*WHAT THIS TASK INVOLVES*
After locating the line with "f \<longleftrightarrow> snd" in the data that follows, return it and every later line exactly, up to and including the line with "(\<exists>\<rho> t0 w0.".

::: RECORDED DATA :::

lemma BLQ_apply_coset:
  assumes D: "subspace_FY D" and T: "T \<in> BLQ D" and \<gamma>: "\<gamma> \<in> FY"
  shows "T (coset D \<gamma>) = \<gamma> (Phi_inv D T)"
proof -
  define f where "f = Phi_inv D T"
  have f: "f \<in> Lip0"
    unfolding f_def by (rule Phi_inv_Lip0[OF D T])
  obtain K where K: "\<And>\<gamma>. \<gamma> \<in> FY \<Longrightarrow> norm (T (coset D \<gamma>)) \<le> K * opnorm \<gamma>"
    using BLQ_bounded_on_FY[OF D T] by blast
  have "T (coset D \<gamma>) - \<gamma> f = 0"
  proof (rule bounded_additive_eq_0_on_FY[where L = "\<lambda>\<gamma>. T (coset D \<gamma>) - \<gamma> f"])
    fix \<gamma>' :: "('a \<Rightarrow> 'b) \<Rightarrow> 'b" assume "\<gamma>' \<in> FY"
    have "norm (T (coset D \<gamma>') - \<gamma>' f) \<le> norm (T (coset D \<gamma>')) + norm (\<gamma>' f)"
      by (rule norm_triangle_ineq4)
    also have "\<dots> \<le> K * opnorm \<gamma>' + opnorm \<gamma>' * lipnorm f"
      using \<open>\<gamma>' \<in> FY\<close> by (intro add_mono K norm_apply_le_opnorm[OF FY_BL f])
    also have "\<dots> = (K + lipnorm f) * opnorm \<gamma>'"
      by (simp add: algebra_simps)
    finally show "norm (T (coset D \<gamma>') - \<gamma>' f) \<le> (K + lipnorm f) * opnorm \<gamma>'" .
  qed (use \<gamma> BLQ_diff[OF T] BLQ_apply_coset_span_delta[OF D T] in \<open>simp_all add: f_def\<close>)
  then show ?thesis
    by (simp add: f_def)
qed

lemma Phi_inv_in_preannih:
  assumes D: "subspace_FY D" and T: "T \<in> BLQ D"
  shows "Phi_inv D T \<in> preannih D"
proof -
  have "\<gamma> (Phi_inv D T) = 0" if "\<gamma> \<in> D" for \<gamma>
  proof -
    have "\<gamma> (Phi_inv D T) = T (coset D \<gamma>)"
      using that subspace_FY_subset[OF D] by (auto simp: BLQ_apply_coset[OF D T])
    also have "coset D \<gamma> = coset D (\<lambda>f. 0)"
      using coset_eq_if_mem[OF D that] coset_eq_if_mem[OF D subspace_FY_zero[OF D]] by simp
    finally show ?thesis
      using BLQ_zero[OF T] by simp
  qed
  then show ?thesis
    using Phi_inv_Lip0[OF D T] by (simp add: preannih_def)
qed

lemma Phi_Phi_inv:
  assumes D: "subspace_FY D" and T: "T \<in> BLQ D"
  shows "Phi D (Phi_inv D T) = T"
proof
  fix C
  show "Phi D (Phi_inv D T) C = T C"
  proof (cases "C \<in> quot D")
    case True
    then obtain \<gamma> where "\<gamma> \<in> FY" "C = coset D \<gamma>"
      by (rule quotE)
    then show ?thesis
      using Phi_apply_coset[OF D Phi_inv_in_preannih[OF D T]] BLQ_apply_coset[OF D T] by simp
  next
    case False
    then show ?thesis
      using BLQ_outside_quot[OF T] by (simp add: Phi_outside_quot)
  qed
qed

theorem mainTheorem14:
  fixes D :: "(('a::banach \<Rightarrow> 'b::banach) \<Rightarrow> 'b) set"
  assumes "closed_subspace_FY D"
  shows "bij_betw (Phi D) (preannih D) (BLQ D)
    \<and> (\<forall>f\<in>preannih D. \<forall>g\<in>preannih D.
          Phi D (\<lambda>x. f x + g x) = (\<lambda>C. Phi D f C + Phi D g C))
    \<and> (\<forall>f\<in>preannih D. \<forall>c. Phi D (\<lambda>x. c *\<^sub>R f x) = (\<lambda>C. c *\<^sub>R Phi D f C))
    \<and> (\<forall>f\<in>preannih D. qopnorm D (Phi D f) = lipnorm f)"
proof -
  have D: "subspace_FY D"
    using assms by (rule subspace_FY_if_closed_subspace_FY)
  have "bij_betw (Phi D) (preannih D) (BLQ D)"
    by (rule bij_betw_byWitness[where f' = "Phi_inv D"])
      (auto simp: D Phi_inv_Phi Phi_Phi_inv Phi_in_BLQ Phi_inv_in_preannih)
  then show ?thesis
    using D by (simp add: Phi_add Phi_scaleR qopnorm_Phi preannih_Lip0)
qed

end
lemma two_step_maps_products:
  assumes "4 \<le> n" "s \<in> two_step_maps n"
  shows "s \<in> products {0..<n} (increasing_maps n - two_step_maps n)"
proof -
  have "s (n - 3) \<in> {n - 2, n - 1}"
    using two_step_maps_apply_last_transient assms by simp
  then have "shift_then n (s (n - 3)) \<in> increasing_maps n - two_step_maps n"
    using assms(1) by (intro shift_then_not_two_step) auto
  with two_step_maps_factor[OF assms] delayed_not_two_step[OF assms] show ?thesis
    by (metis restrict_comp_in_products)
qed

definition long_unary_words :: "nat \<Rightarrow> nat list set" where
  "long_unary_words m = {w \<in> lists {0}. m \<le> length w}"

lemma reverse_definite_long_unary_words: "reverse_definite {0} (long_unary_words m)"
proof -
  have "long_unary_words m = {} \<union> {f @ w | f w. f \<in> {replicate m 0} \<and> w \<in> lists {0}}"
  proof (intro equalityI subsetI)
    fix w assume w: "w \<in> long_unary_words m"
    then have "w = replicate (length w) 0"
      using replicate_length_same[of w 0] by (auto simp: long_unary_words_def)
    with w have "w = replicate m 0 @ replicate (length w - m) 0"
      by (auto simp: long_unary_words_def simp flip: replicate_add)
    then show "w \<in> {} \<union> {f @ w | f w. f \<in> {replicate m 0} \<and> w \<in> lists {0}}"
      by (auto simp: in_lists_conv_set)
  qed (auto simp: long_unary_words_def)
  then show ?thesis
    unfolding reverse_definite_def by (intro exI[of _ "{}"] exI[of _ "{replicate m 0}"]) auto
qed
(* Let $q$ be a prime power, $n$ a positive integer, $L(x)=\sum_{i=0}^{n-1}a_ix^{q^{2i}}$ with $a_i\in\mathbb F_{q^{2n}}$, and suppose $\sigma_L$ is $\lambda$-Hermitian for some $\lambda\in\mathbb F_{q^2}$. Let $r=n-\dim\ker L$, and for $c\in\mathbb F_{q^2}$ let $N_c$ be the number of $u\in\mathbb F_{q^{2n}}$ with $\mathrm{Tr}(uL(u^q))+c=0$. Then \[N_c=\begin{cases}q^{2n-1}+(-1)^r(q-1)q^{2n-r-1}&\text{if }c=0,\\ q^{2n-1}+(-1)^{r-1}q^{2n-r-1}&\text{if }c^{q-1}=\lambda,\\ 0&\text{otherwise.}\end{cases}\]
   Context: $\mathrm{Tr}$ is the trace $\mathbb F_{q^{2n}}\to\mathbb F_{q^2}$ and $\sigma_L(u,v)=\mathrm{Tr}(uL(v^q))$. For a sesquilinear form $\sigma$, $\sigma^*(u,v)=\sigma(v,u)^q$, and $\sigma$ is $\lambda$-Hermitian if $\sigma^*=\lambda\sigma$. $\ker L$ is the kernel of the induced $\mathbb F_{q^2}$-linear map on $\mathbb F_{q^{2n}}$, dimension over $\mathbb F_{q^2}$. *)

theory Defs
  imports "HOL-Computational_Algebra.Primes"
begin

text \<open>The field F_{q^{2n}} is modelled as a finite field type 'a with CARD('a) = q^(2n).
  Frobenius is x \<mapsto> x^q; the subfield F_{q^2} is {x. x^(q^2) = x}.\<close>

definition prime_power :: "nat \<Rightarrow> bool" where
  "prime_power q \<longleftrightarrow> (\<exists>p k. prime p \<and> k > 0 \<and> q = p ^ k)"

definition subfield_q2 :: "nat \<Rightarrow> 'a::field set" where
  "subfield_q2 q = {x. x ^ (q^2) = x}"

definition trace_rel :: "nat \<Rightarrow> nat \<Rightarrow> 'a::field \<Rightarrow> 'a" where
  "trace_rel q n x = (\<Sum>i<n. x ^ (q ^ (2*i)))"

definition linpoly :: "nat \<Rightarrow> nat \<Rightarrow> (nat \<Rightarrow> 'a::field) \<Rightarrow> 'a \<Rightarrow> 'a" where
  "linpoly q n a x = (\<Sum>i<n. a i * x ^ (q ^ (2*i)))"

definition sigma_L :: "nat \<Rightarrow> nat \<Rightarrow> (nat \<Rightarrow> 'a::field) \<Rightarrow> 'a \<Rightarrow> 'a \<Rightarrow> 'a" where
  "sigma_L q n a u v = trace_rel q n (u * linpoly q n a (v ^ q))"

definition is_hermitian :: "nat \<Rightarrow> ('a::field \<Rightarrow> 'a \<Rightarrow> 'a) \<Rightarrow> 'a \<Rightarrow> bool" where
  "is_hermitian q \<sigma> lam \<longleftrightarrow> (\<forall>u v. (\<sigma> v u) ^ q = lam * \<sigma> u v)"

definition ker_L :: "nat \<Rightarrow> nat \<Rightarrow> (nat \<Rightarrow> 'a::field) \<Rightarrow> 'a set" where
  "ker_L q n a = {x. linpoly q n a x = 0}"
(* If $F$ is a balanced wiring, then $\mathrm{Comp}(F)$ is a separating space for $F$: (i) for every $\mathbf u\in\mathrm{Comp}(F)$, $F\mathbf u\subseteq\mathrm{Comp}(F)$; and (ii) for every $n$, if $F^n\mathbf u=0$ for all $\mathbf u\in\mathrm{Comp}(F)$ then $F^n=0$.
   Context: Terms: first-order terms built from an infinite set of variables, a binary function symbol $\bullet$ written infix, infinitely many constant symbols including a distinguished constant $\star$, and for each $n\ge1$ at least one $n$-ary function symbol. $\mathrm{var}(t)$ is the set of variables of $t$; $t$ is closed if $\mathrm{var}(t)=\emptyset$. The height $h(t)$ is the maximal distance from the root to a node in the tree of $t$; the height of an occurrence of a variable in $t$ is its distance from the root. A flow is a pair of terms written $t\leftarrow u$ with $\mathrm{var}(t)\subseteq\mathrm{var}(u)$, considered up to renaming. A fact is a flow $t\leftarrow\star$ (so $t$ is closed). The product of flows $u\leftarrow v$ and $t\leftarrow w$ (representatives chosen with disjoint variable sets) is defined iff $v$ and $t$ are unifiable, and then equals $u\theta\leftarrow w\theta$ with $\theta$ a most general unifier of $v,t$. A wiring is a finite set of flows, written as a formal sum, with $0$ the empty wiring; product $FG=\{fg: f\in F,g\in G, fg\text{ defined}\}$, $F^n$ the $n$-fold product. For a fact $\mathbf u$, $F\mathbf u$ denotes $F\{\mathbf u\}$ (a set of facts). A flow $t\leftarrow u$ is balanced if for every variable $x$, all occurrences of $x$ in $t$ and in $u$ have the same height; a wiring is balanced if all its flows are. The height of a flow $t\leftarrow u$ is $\max\{h(t),h(u)\}$; the height $h(F)$ of a wiring is the maximal height of its flows. For a balanced wiring $F$, its computation space $\mathrm{Comp}(F)$ is the set of facts $t\leftarrow\star$ with $h(t)\le h(F)$ and $t$ built using only symbols occurring in $F$ and the constant $\star$. A separating space for a wiring $F$ is a set of facts $\mathbf S$ such that $F\mathbf u\subseteq\mathbf S$ for all $\mathbf u\in\mathbf S$, and such that, for every $n$, $F^n\mathbf u=0$ for all $\mathbf u\in\mathbf S$ implies $F^n=0$. *)

theory Defs
  imports Main
begin

text \<open>A function symbol is a pair of a name and an arity; the arity of an
  application is the length of its argument list.  Thus (Star,0) is the distinguished
  constant, (Bullet,2) is the binary symbol, (Sym k, 0) are infinitely many constants,
  and (Sym k, n) are n-ary symbols for every n.\<close>

datatype sym = Star | Bullet | Sym nat

datatype trm = Var nat | App sym "trm list"

definition star :: trm where "star = App Star []"

fun vars :: "trm \<Rightarrow> nat set" where
  "vars (Var x) = {x}"
| "vars (App f ts) = (\<Union>t\<in>set ts. vars t)"

fun subst :: "(nat \<Rightarrow> trm) \<Rightarrow> trm \<Rightarrow> trm" where
  "subst \<sigma> (Var x) = \<sigma> x"
| "subst \<sigma> (App f ts) = App f (map (subst \<sigma>) ts)"

fun syms :: "trm \<Rightarrow> (sym \<times> nat) set" where
  "syms (Var x) = {}"
| "syms (App f ts) = insert (f, length ts) (\<Union>t\<in>set ts. syms t)"

fun height :: "trm \<Rightarrow> nat" where
  "height (Var x) = 0"
| "height (App f ts) = (if ts = [] then 0 else Suc (Max (set (map height ts))))"

fun vdepths :: "trm \<Rightarrow> nat \<Rightarrow> nat set" where
  "vdepths (Var y) x = (if x = y then {0} else {})"
| "vdepths (App f ts) x = (\<Union>t\<in>set ts. Suc ` vdepths t x)"

definition is_mgu :: "(nat \<Rightarrow> trm) \<Rightarrow> trm \<Rightarrow> trm \<Rightarrow> bool" where
  "is_mgu \<sigma> s t \<longleftrightarrow> subst \<sigma> s = subst \<sigma> t \<and>
     (\<forall>\<tau>. subst \<tau> s = subst \<tau> t \<longrightarrow> (\<exists>\<delta>. \<forall>x. \<tau> x = subst \<delta> (\<sigma> x)))"

definition ren :: "(nat \<Rightarrow> nat) \<Rightarrow> trm \<Rightarrow> trm" where
  "ren \<rho> t = subst (Var \<circ> \<rho>) t"

text \<open>A flow  t \<leftarrow> u  is represented by the pair (t,u); flows are considered up to
  renaming, so a (finite) wiring is given by a finite set of representatives.
  The product of wirings collects the products of all pairs of flows, computed for
  every choice of representatives with disjoint variables and every mgu; hence it is a
  (possibly infinite) set of representatives of the product wiring, and it is empty iff
  the product wiring is 0.\<close>

definition is_flow :: "trm \<times> trm \<Rightarrow> bool" where
  "is_flow f \<longleftrightarrow> vars (fst f) \<subseteq> vars (snd f)"

definition wiring :: "(trm \<times> trm) set \<Rightarrow> bool" where
  "wiring F \<longleftrightarrow> finite F \<and> (\<forall>f\<in>F. is_flow f)"

definition is_fact :: "trm \<times> trm \<Rightarrow> bool" where
  "is_fact f \<longleftrightarrow> snd f = star \<and> vars (fst f) = {}"

definition wprod :: "(trm \<times> trm) set \<Rightarrow> (trm \<times> trm) set \<Rightarrow> (trm \<times> trm) set" where
  "wprod F G = {(subst \<sigma> u, subst \<sigma> w) | u v t w \<sigma>.
      (u, v) \<in> F \<and>
      (\<exists>\<rho> t0 w0. (t0, w0) \<in> G \<and> bij \<rho> \<and> t = ren \<rho> t0 \<and> w = ren \<rho> w0) \<and>
      (vars t \<union> vars w) \<inter> (vars u \<union> vars v) = {} \<and>
      is_mgu \<sigma> v t}"

fun wpow :: "(trm \<times> trm) set \<Rightarrow> nat \<Rightarrow> (trm \<times> trm) set" where
  "wpow F 0 = {(Var 0, Var 0)}"
| "wpow F (Suc n) = wprod F (wpow F n)"

definition wapp :: "(trm \<times> trm) set \<Rightarrow> trm \<times> trm \<Rightarrow> (trm \<times> trm) set" where
  "wapp F u = wprod F {u}"

definition balanced_flow :: "trm \<times> trm \<Rightarrow> bool" where
  "balanced_flow f \<longleftrightarrow>
     (\<forall>x. \<forall>d\<in>vdepths (fst f) x \<union> vdepths (snd f) x.
            \<forall>d'\<in>vdepths (fst f) x \<union> vdepths (snd f) x. d = d')"

definition balanced :: "(trm \<times> trm) set \<Rightarrow> bool" where
  "balanced F \<longleftrightarrow> (\<forall>f\<in>F. balanced_flow f)"

definition flow_height :: "trm \<times> trm \<Rightarrow> nat" where
  "flow_height f = max (height (fst f)) (height (snd f))"

definition wheight :: "(trm \<times> trm) set \<Rightarrow> nat" where
  "wheight F = Max (insert 0 (flow_height ` F))"

definition wsyms :: "(trm \<times> trm) set \<Rightarrow> (sym \<times> nat) set" where
  "wsyms F = (\<Union>f\<in>F. syms (fst f) \<union> syms (snd f))"

definition Comp :: "(trm \<times> trm) set \<Rightarrow> (trm \<times> trm) set" where
  "Comp F = {(t, star) | t. vars t = {} \<and> height t \<le> wheight F \<and>
                           syms t \<subseteq> wsyms F \<union> {(Star, 0)}}"

definition separating :: "(trm \<times> trm) set \<Rightarrow> (trm \<times> trm) set \<Rightarrow> bool" where
  "separating S F \<longleftrightarrow> (\<forall>u\<in>S. is_fact u) \<and>
     (\<forall>u\<in>S. wapp F u \<subseteq> S) \<and>
     (\<forall>n. (\<forall>u\<in>S. wapp (wpow F n) u = {}) \<longrightarrow> wpow F n = {})"

end

theory Submission
  imports Defs
begin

:::

*PROBLEM SOLUTION*
  "is_fact f \<longleftrightarrow> snd f = star \<and> vars (fst f) = {}"

definition wprod :: "(trm \<times> trm) set \<Rightarrow> (trm \<times> trm) set \<Rightarrow> (trm \<times> trm) set" where
  "wprod F G = {(subst \<sigma> u, subst \<sigma> w) | u v t w \<sigma>.
      (u, v) \<in> F \<and>
      (\<exists>\<rho> t0 w0. (t0, w0) \<in> G \<and> bij \<rho> \<and> t = ren \<rho> t0 \<and> w = ren \<rho> w0) \<and>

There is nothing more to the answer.